F I L E D
United States Court of Appeals
Tenth Circuit
UNITED STATES COURT OF APPEALS
SEP 30 1997
FOR THE TENTH CIRCUIT
PATRICK FISHER
Clerk
STATE FARM FIRE AND
CASUALTY COMPANY,
Plaintiff-Appellee,
No. 97-6013
v. (D.C. No. 95-CV-1387)
(W.D. Okla.)
WESLEY LYTLE,
Defendant-Appellant,
and
DEWAYNE EDWARD NEWMAN;
KIMBERLY A. NEWMAN,
Defendants.
ORDER AND JUDGMENT *
Before TACHA, McKAY, and BALDOCK, Circuit Judges.
*
This order and judgment is not binding precedent, except under the
doctrines of law of the case, res judicata, and collateral estoppel.
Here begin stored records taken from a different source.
text \<open>Lambda = U^3 + E8(-1)^2 + Z l, (l,l) = -2(n-1), realised inside Q^23
  (rational vectors nat => rat supported on {..<23}).  Coordinates:
  0..5 = three copies of U (basis e,f of the first copy = coordinates 0,1),
  6..13 and 14..21 = two copies of E8(-1), 22 = l.\<close>

type_synonym qvec = "nat \<Rightarrow> rat"

definition e8 :: "nat \<Rightarrow> nat \<Rightarrow> int" where
  "e8 i j = (if i = j then 2
     else if {i, j} \<in> {{0,1},{1,2},{2,3},{3,4},{4,5},{5,6},{4,7}} then -1 else 0)"

definition gram :: "int \<Rightarrow> nat \<Rightarrow> nat \<Rightarrow> int" where
  "gram n i j =
    (if i < 6 \<and> j < 6 then (if i div 2 = j div 2 \<and> i \<noteq> j then 1 else 0)
     else if 6 \<le> i \<and> i < 14 \<and> 6 \<le> j \<and> j < 14 then - e8 (i - 6) (j - 6)
     else if 14 \<le> i \<and> i < 22 \<and> 14 \<le> j \<and> j < 22 then - e8 (i - 14) (j - 14)
     else if i = 22 \<and> j = 22 then - 2 * (n - 1)
     else 0)"

definition bil :: "int \<Rightarrow> qvec \<Rightarrow> qvec \<Rightarrow> rat" where
  "bil n x y = (\<Sum>i<23. \<Sum>j<23. x i * of_int (gram n i j) * y j)"

definition Lam :: "qvec set" where
  "Lam = {x. (\<forall>i. x i \<in> \<int>) \<and> (\<forall>i\<ge>23. x i = 0)}"

definition uvec :: "nat \<Rightarrow> qvec" where
  "uvec k = (\<lambda>i. if i = k then 1 else 0)"

definition e_vec :: qvec where "e_vec = uvec 0"
definition f_vec :: qvec where "f_vec = uvec 1"
definition ell :: qvec where "ell = uvec 22"

definition hvec :: "int \<Rightarrow> int \<Rightarrow> int \<Rightarrow> qvec" where
  "hvec \<gamma> t a = (\<lambda>i. of_int \<gamma> * (e_vec i + of_int t * f_vec i) - of_int a * ell i)"

definition Lam_h :: "int \<Rightarrow> qvec \<Rightarrow> qvec set" where
  "Lam_h n h = {x \<in> Lam. bil n x h = 0}"

definition qspan :: "qvec set \<Rightarrow> qvec set" where
  "qspan L = {x. \<exists>m::nat. m > 0 \<and> (\<lambda>i. of_nat m * x i) \<in> L}"

definition dual :: "int \<Rightarrow> qvec set \<Rightarrow> qvec set" where
  "dual n L = {x \<in> qspan L. \<forall>v\<in>L. bil n x v \<in> \<int>}"

definition isometries :: "int \<Rightarrow> qvec set \<Rightarrow> (qvec \<Rightarrow> qvec) set" where
  "isometries n L = {g. bij_betw g L L
      \<and> (\<forall>x\<in>L. \<forall>y\<in>L. g (\<lambda>i. x i + y i) = (\<lambda>i. g x i + g y i))
      \<and> (\<forall>x\<in>L. \<forall>y\<in>L. bil n (g x) (g y) = bil n x y)
      \<and> (\<forall>x. x \<notin> L \<longrightarrow> g x = x)}"

text \<open>Q-linear extension of g to L tensor Q\<close>
definition qext :: "qvec set \<Rightarrow> (qvec \<Rightarrow> qvec) \<Rightarrow> qvec \<Rightarrow> qvec" where
  "qext L g x = (let m = (LEAST m::nat. m > 0 \<and> (\<lambda>i. of_nat m * x i) \<in> L)
                 in (\<lambda>i. g (\<lambda>j. of_nat m * x j) i / of_nat m))"

text \<open>tilde O(L): isometries acting trivially on D(L) = L^vee / L\<close>
definition Otilde :: "int \<Rightarrow> qvec set \<Rightarrow> (qvec \<Rightarrow> qvec) set" where
  "Otilde n L = {g \<in> isometries n L. \<forall>x\<in>dual n L. (\<lambda>i. qext L g x i - x i) \<in> L}"

definition O_stab :: "int \<Rightarrow> qvec set \<Rightarrow> qvec \<Rightarrow> (qvec \<Rightarrow> qvec) set" where
  "O_stab n L h = {g \<in> isometries n L. g h = h}"

definition Otilde_stab :: "int \<Rightarrow> qvec set \<Rightarrow> qvec \<Rightarrow> (qvec \<Rightarrow> qvec) set" where
  "Otilde_stab n L h = Otilde n L \<inter> O_stab n L h"

definition restr :: "qvec set \<Rightarrow> (qvec \<Rightarrow> qvec) \<Rightarrow> (qvec \<Rightarrow> qvec)" where
  "restr M g = (\<lambda>x. if x \<in> M then g x else x)"

definition map_grp :: "(qvec \<Rightarrow> qvec) set \<Rightarrow> (qvec \<Rightarrow> qvec) monoid" where
  "map_grp S = \<lparr>carrier = S, mult = (\<lambda>g g'. g \<circ> g'), one = id\<rparr>"

end

theory Submission
  imports Defs "HOL-Library.Function_Algebras"
begin

text \<open>
  Let \<open>M = \<Lambda>\<^sub>h\<close> and write \<open>x \<in> \<Lambda> \<otimes> \<rat>\<close> as \<open>x = x' + c h\<close> with \<open>x' \<bottom> h\<close>.
  Restriction is injective on \<open>O(\<Lambda>, h)\<close> because \<open>M \<oplus> \<int>h\<close> has finite index in \<open>\<Lambda>\<close>.
  An isometry \<open>g\<close> of \<open>M\<close> acting trivially on \<open>D(M)\<close> extends to \<open>g \<oplus> id\<close> on
  \<open>(M \<otimes> \<rat>) \<oplus> \<rat>h\<close>. For \<open>x \<in> \<Lambda>\<close>, and also for \<open>x \<in> \<Lambda>\<^sup>\<or>\<close>, the component
  \<open>x'\<close> lies in \<open>M\<^sup>\<or>\<close>, so the extension moves \<open>x\<close> by \<open>g x' - x' \<in> M\<close>: it preserves \<open>\<Lambda>\<close> and
  acts trivially on \<open>D(\<Lambda>)\<close>. Conversely, if \<open>f \<in> \<Lambda>\<close> has \<open>(f, h) = \<gamma> = div(h)\<close> (here
  \<open>f\<close> is the second basis vector of \<open>U\<close>), every \<open>y \<in> M\<^sup>\<or>\<close> lifts to
  \<open>y - ((y, f) / \<gamma>) h \<in> \<Lambda>\<^sup>\<or>\<close>; since an element of \<open>O(\<Lambda>, h)\<close> fixes \<open>h\<close>, acting
  trivially on \<open>D(\<Lambda>)\<close> therefore forces its restriction to act trivially on \<open>D(M)\<close>.
\<close>

definition qscale :: "rat \<Rightarrow> qvec \<Rightarrow> qvec" (infixr \<open>*\<^sub>q\<close> 75)
  where "c *\<^sub>q x = (\<lambda>i. c * x i)"

lemma qscale_apply [simp]: "(c *\<^sub>q x) i = c * x i"
  by (simp add: qscale_def)

lemma plus_fun_lambda: "(\<lambda>i. x i + y i) = x + (y :: qvec)"
  by (simp add: fun_eq_iff)

lemma minus_fun_lambda: "(\<lambda>i. x i - y i) = x - (y :: qvec)"
  by (simp add: fun_eq_iff)

lemma qscale_add_right: "c *\<^sub>q (x + y) = c *\<^sub>q x + c *\<^sub>q y"
  and qscale_diff_right: "c *\<^sub>q (x - y) = c *\<^sub>q x - c *\<^sub>q y"
  and qscale_add_left: "(c + d) *\<^sub>q x = c *\<^sub>q x + d *\<^sub>q x"
  and qscale_qscale: "c *\<^sub>q d *\<^sub>q x = (c * d) *\<^sub>q x"
  and qscale_one [simp]: "1 *\<^sub>q x = x"
  and qscale_zero_left [simp]: "0 *\<^sub>q x = 0"
  and qscale_minus_left: "(- c) *\<^sub>q x = - (c *\<^sub>q x)"
  by (simp_all add: fun_eq_iff algebra_simps)

lemma qscale_eq_0_iff: "c *\<^sub>q x = 0 \<longleftrightarrow> c = 0 \<or> x = 0"
  by (auto simp: fun_eq_iff)

lemma qscale_cancel: "c \<noteq> 0 \<Longrightarrow> c *\<^sub>q x = c *\<^sub>q y \<longleftrightarrow> x = y"
  by (auto simp: fun_eq_iff)

lemma bil_add_left: "bil n (x + y) z = bil n x z + bil n y z"
  and bil_add_right: "bil n z (x + y) = bil n z x + bil n z y"
  and bil_diff_left: "bil n (x - y) z = bil n x z - bil n y z"
  and bil_diff_right: "bil n z (x - y) = bil n z x - bil n z y"
  and bil_uminus_left: "bil n (- x) y = - bil n x y"
  and bil_qscale_left: "bil n (c *\<^sub>q x) y = c * bil n x y"
  and bil_qscale_right: "bil n x (c *\<^sub>q y) = c * bil n x y"
  by (simp_all add: bil_def fun_eq_iff algebra_simps sum.distrib sum_subtractf sum_negf sum_distrib_left)

lemma bil_zero [simp]: "bil n 0 y = 0" "bil n x 0 = 0"
  by (simp_all add: bil_def fun_eq_iff)

lemma bil_commute: "bil n x y = bil n y x"
proof -
  have "gram n i j = gram n j i" for i j
    unfolding gram_def e8_def by (auto simp: insert_commute)
  then show ?thesis
    unfolding bil_def by (subst sum.swap) (simp add: mult.commute mult.left_commute)
qed

lemma rat_as_int_div_nat:
  fixes c :: rat
  obtains p :: int and q :: nat where "q > 0" "c = of_int p / of_nat q"
proof -
  obtain p q where pq: "quotient_of c = (p, q)" by fastforce
  then have "q > 0" "c = of_int p / of_int q"
    using quotient_of_denom_pos quotient_of_div by blast+
  then show ?thesis using that[of "nat q" p] by simp
qed

locale qlattice =
  fixes L :: "qvec set"
  assumes zero_mem: "0 \<in> L"
    and add_mem: "x \<in> L \<Longrightarrow> y \<in> L \<Longrightarrow> x + y \<in> L"
    and uminus_mem: "x \<in> L \<Longrightarrow> - x \<in> L"
begin

lemma diff_mem: "x \<in> L \<Longrightarrow> y \<in> L \<Longrightarrow> x - y \<in> L"
  using add_mem[of x "- y"] uminus_mem[of y] by simp

lemma of_nat_qscale_mem: "x \<in> L \<Longrightarrow> of_nat k *\<^sub>q x \<in> L"
  by (induction k) (simp_all add: zero_mem add_mem qscale_add_left)

lemma of_int_qscale_mem: "x \<in> L \<Longrightarrow> of_int k *\<^sub>q x \<in> L"
  by (cases k rule: int_cases2) (simp_all add: of_nat_qscale_mem uminus_mem qscale_minus_left)

lemma qspan_iff: "x \<in> qspan L \<longleftrightarrow> (\<exists>m::nat. m > 0 \<and> of_nat m *\<^sub>q x \<in> L)"
  by (simp add: qspan_def qscale_def)

lemma mem_qspan: "x \<in> L \<Longrightarrow> x \<in> qspan L"
  using qspan_iff[of x] by (metis of_nat_1 qscale_one zero_less_one)

lemma qspan_common_multiple:
  assumes "x \<in> qspan L" "y \<in> qspan L"
  obtains m :: nat where "m > 0" "of_nat m *\<^sub>q x \<in> L" "of_nat m *\<^sub>q y \<in> L"
proof -
  obtain k l :: nat where k: "k > 0" "of_nat k *\<^sub>q x \<in> L" and l: "l > 0" "of_nat l *\<^sub>q y \<in> L"
    using assms qspan_iff by blast
  have "of_nat (k * l) *\<^sub>q x \<in> L" "of_nat (k * l) *\<^sub>q y \<in> L"
    using of_nat_qscale_mem[OF k(2), of l] of_nat_qscale_mem[OF l(2), of k]
    by (simp_all add: qscale_qscale mult.commute)
  then show ?thesis using that[of "k * l"] k(1) l(1) by simp
qed

lemma qspan_add: "x \<in> qspan L \<Longrightarrow> y \<in> qspan L \<Longrightarrow> x + y \<in> qspan L"
  by (metis qspan_common_multiple qspan_iff add_mem qscale_add_right)

lemma qspan_qscale:
  assumes "x \<in> qspan L" shows "c *\<^sub>q x \<in> qspan L"
proof -
  obtain m :: nat where m: "m > 0" "of_nat m *\<^sub>q x \<in> L" using assms qspan_iff by blast
  obtain p q where pq: "q > 0" "c = of_int p / of_nat q" by (rule rat_as_int_div_nat)
  have "of_nat (m * q) * c = of_int p * of_nat m"
    using pq by (simp add: field_simps)
  then have "of_nat (m * q) *\<^sub>q c *\<^sub>q x = of_int p *\<^sub>q of_nat m *\<^sub>q x"
    by (simp only: qscale_qscale)
  then show ?thesis using m pq of_int_qscale_mem qspan_iff by (metis nat_0_less_mult_iff)
qed

lemma qspan_diff: "x \<in> qspan L \<Longrightarrow> y \<in> qspan L \<Longrightarrow> x - y \<in> qspan L"
  using qspan_add[of x "(- 1) *\<^sub>q y"] qspan_qscale[of y "- 1"]
  by (simp add: qscale_minus_left)

end

locale qlattice_map = qlattice +
  fixes g :: "qvec \<Rightarrow> qvec"
  assumes map_add: "x \<in> L \<Longrightarrow> y \<in> L \<Longrightarrow> g (x + y) = g x + g y"
begin

lemma map_zero: "g 0 = 0"
  using map_add[OF zero_mem zero_mem] by simp

lemma map_uminus: "x \<in> L \<Longrightarrow> g (- x) = - g x"
  using map_add[of x "- x"] uminus_mem[of x] map_zero minus_unique[of "g x" "g (- x)"] by simp

lemma map_diff: "x \<in> L \<Longrightarrow> y \<in> L \<Longrightarrow> g (x - y) = g x - g y"
  using map_add[of x "- y"] map_uminus[of y] uminus_mem[of y] by simp

lemma map_of_nat_qscale: "x \<in> L \<Longrightarrow> g (of_nat k *\<^sub>q x) = of_nat k *\<^sub>q g x"
  by (induction k) (simp_all add: map_zero map_add of_nat_qscale_mem qscale_add_left)

lemma map_of_int_qscale: "x \<in> L \<Longrightarrow> g (of_int k *\<^sub>q x) = of_int k *\<^sub>q g x"
  by (cases k rule: int_cases2)
    (simp_all add: map_of_nat_qscale map_uminus of_nat_qscale_mem qscale_minus_left)

lemma qext_eq:
  assumes m: "m > 0" "of_nat m *\<^sub>q x \<in> L"
  shows "qext L g x = (1 / of_nat m) *\<^sub>q g (of_nat m *\<^sub>q x)"
proof -
  define k where "k = (LEAST k::nat. k > 0 \<and> of_nat k *\<^sub>q x \<in> L)"
  have "k > 0 \<and> of_nat k *\<^sub>q x \<in> L"
    unfolding k_def by (rule LeastI[of _ m]) (use m in simp)
  then have k: "k > 0" "of_nat k *\<^sub>q x \<in> L" by auto
  have "qext L g x = (1 / of_nat k) *\<^sub>q g (of_nat k *\<^sub>q x)"
    unfolding qext_def Let_def k_def qscale_def by simp
  also have "\<dots> = (1 / of_nat (k * m)) *\<^sub>q of_nat m *\<^sub>q g (of_nat k *\<^sub>q x)"
    using m(1) by (simp add: qscale_qscale)
  also have "of_nat m *\<^sub>q g (of_nat k *\<^sub>q x) = of_nat k *\<^sub>q g (of_nat m *\<^sub>q x)"
    using map_of_nat_qscale[OF k(2), of m] map_of_nat_qscale[OF m(2), of k]
    by (simp add: qscale_qscale mult.commute)
  also have "(1 / of_nat (k * m)) *\<^sub>q of_nat k *\<^sub>q g (of_nat m *\<^sub>q x)
      = (1 / of_nat m) *\<^sub>q g (of_nat m *\<^sub>q x)"
    using k(1) by (simp add: qscale_qscale)
  finally show ?thesis .
qed

lemma qext_mem: "x \<in> L \<Longrightarrow> qext L g x = g x"
  using qext_eq[of 1 x] by simp

lemma qext_add:
  assumes "x \<in> qspan L" "y \<in> qspan L"
  shows "qext L g (x + y) = qext L g x + qext L g y"
proof -
  obtain m :: nat where m: "m > 0" "of_nat m *\<^sub>q x \<in> L" "of_nat m *\<^sub>q y \<in> L"
    using assms by (rule qspan_common_multiple)
  then show ?thesis
    using qext_eq[OF m(1)] add_mem map_add by (simp add: qscale_add_right)
qed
The court
generally disfavors the citation of orders and judgments; nevertheless, an order
and judgment may be cited under the terms and conditions of 10th Cir. R. 36.3.
After examining the briefs and appellate record, this panel has determined
unanimously that oral argument would not materially assist the determination of
this appeal. See Fed. R. App. P. 34(a); 10th Cir. R. 34.1.9. The case is therefore
ordered submitted without oral argument.
State Farm Fire and Casualty Company sought and received a declaratory
judgment that the homeowner’s policy it issued to defendants DeWayne Edward
Newman and Kimberly A. Newman does not obligate it to cover the damages
resulting from DeWayne Newman’s shooting of defendant Wesley Lytle.
The following facts were stipulated. Kimberly Newman called her brother,
Wesley Lytle, after a domestic quarrel between her and her husband DeWayne.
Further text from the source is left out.